1.RNAサンプルを、DEPC(もしくはRNAse非含有)H2Oを使用して、33ng/μLに標準化した。
2.上記miRNAアッセイコントロールの1:500希釈物を、調製した。499μL DEPC H2Oを、滅菌美章園心チューブの中で、上記miRNAアッセイコントロールの1μLへと添加した。上記チューブを、ボルテックスすることによって混合、短時間遠心分離にかけ、氷上で保存した。
3.アニーリングマスターミックスを、13μLのアニーリング緩衝液、26μLのnCounter(登録商標) miRNAタグ試薬および工程2において調製した6.5μLの上記1:500 miRNAアッセイコントロール希釈物を合わせることによって、調製した。

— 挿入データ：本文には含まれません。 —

lemma bounded_acceleration:
  obtains M where
    "\<And>t. t \<ge> 0 \<Longrightarrow> norm (- (\<alpha> *\<^sub>R v t) - \<beta> *\<^sub>R hessPhi (x t) (v t) - gradPhi (x t)) \<le> M"
proof -
  obtain B where B: "\<And>t. t \<ge> 0 \<Longrightarrow> norm (v t) \<le> B" "\<And>t. t \<ge> 0 \<Longrightarrow> norm (gradPhi (x t)) \<le> B"
    "\<And>t. t \<ge> 0 \<Longrightarrow> norm (hessPhi (x t)) \<le> B"
    by (metis trajectory_bounds)
  have "norm (- (\<alpha> *\<^sub>R v t) - \<beta> *\<^sub>R hessPhi (x t) (v t) - gradPhi (x t)) \<le> \<alpha> * B + \<beta> * (B * B) + B"
    if "t \<ge> 0" for t
  proof -
    have "norm (hessPhi (x t) (v t)) \<le> B * B"
      using norm_blinfun[of "hessPhi (x t)" "v t"] B[OF that]
      by (meson mult_mono norm_ge_zero order_trans)
    then have "norm (\<beta> *\<^sub>R hessPhi (x t) (v t)) \<le> \<beta> * (B * B)"
      using beta by (simp add: mult_left_mono)
    moreover have "norm (\<alpha> *\<^sub>R v t) \<le> \<alpha> * B"
      using B(1)[OF that] alpha by (simp add: mult_left_mono)
    moreover have "norm (- p - q - r) \<le> norm p + norm q + norm r" for p q r :: 'n
    proof -
      have "norm (- p - q - r) = norm (p + q + r)"
        by (metis minus_diff_eq norm_minus_cancel diff_minus_eq_add add.commute)
      also have "\<dots> \<le> norm p + norm q + norm r"
        by (rule order_trans[OF norm_triangle_ineq add_right_mono[OF norm_triangle_ineq]])
      finally show ?thesis .
    qed
    ultimately show ?thesis
      using B(2)[OF that] by (smt (verit))
  qed
  then show ?thesis by (rule that)
qed

definition u :: "real \<Rightarrow> 'n" where
  "u t = v t + \<beta> *\<^sub>R gradPhi (x t)"

lemma u_deriv:
  assumes "t > 0"
  shows "(u has_vector_derivative - (\<alpha> *\<^sub>R v t) - gradPhi (x t)) (at t)"
proof -
  have "(u has_vector_derivative (- (\<alpha> *\<^sub>R v t) - \<beta> *\<^sub>R hessPhi (x t) (v t) - gradPhi (x t))
      + \<beta> *\<^sub>R hessPhi (x t) (v t)) (at t)"
    unfolding u_def[abs_def]
    by (intro has_vector_derivative_add v' assms
        bounded_linear.has_vector_derivative[OF bounded_linear_scaleR_right] grad_along_deriv)
  then show ?thesis by simp
qed

definition energy :: "real \<Rightarrow> real" where
  "energy t = (1 + \<alpha> * \<beta>) * \<Phi> (x t) + (norm (u t))\<^sup>2 / 2"

lemma energy_deriv:
  assumes "t > 0"
  shows "(energy has_real_derivative - \<alpha> * (norm (v t))\<^sup>2 - \<beta> * (norm (gradPhi (x t)))\<^sup>2) (at t)"
proof -
  have "(energy has_real_derivative (1 + \<alpha> * \<beta>) * (gradPhi (x t) \<bullet> v t)
      + 2 * (u t \<bullet> (- (\<alpha> *\<^sub>R v t) - gradPhi (x t))) / 2) (at t)"
    unfolding energy_def[abs_def]
    by (intro DERIV_add DERIV_cmult DERIV_cdivide Phi_along_deriv has_real_derivative_norm_power2
        u_deriv assms)
  moreover have "(1 + \<alpha> * \<beta>) * (gradPhi (x t) \<bullet> v t) + 2 * (u t \<bullet> (- (\<alpha> *\<^sub>R v t) - gradPhi (x t))) / 2
      = - \<alpha> * (norm (v t))\<^sup>2 - \<beta> * (norm (gradPhi (x t)))\<^sup>2"
    by (simp add: u_def power2_norm_eq_inner inner_add_left inner_diff_right
        inner_commute[of "gradPhi (x t)" "v t"] field_simps)
  ultimately show ?thesis by simp
qed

これを、ピペットで上下させることによって十分に混合した。
4.3.5μLの上記アニーリングマスターミックスを、各チューブにアリコートに分けた。
5.3μL(100ng)のRNAサンプルを、各チューブに添加した。チューブにキャップをし、軽くたたいて混合し、遠心分離にかけた。
6.上記ストリップを、上記サーモサイクラーの中に入れ、上記アニーリングプロトコルを開始した。
7.19.5μL PEGを、13μL 連結緩衝液と合わせて、連結マスターミックスを調製した。
8.上記アニーリングプロトコルの完了後、上記サーモサイクラーが48℃に達したとき、2.5μLの上記連結マスターミックスを各チューブに添加した(上記サーモサイクラーを、工程9および工程10に関して48℃で維持されるように、静置した)。上記チューブを軽くたたいて、混合し、遠心分離にかけた。
9.上記チューブを、48℃のサーモサイクラーに戻し、上記ふたを閉め、上記チューブを48℃において5分間にわたってインキュベートした。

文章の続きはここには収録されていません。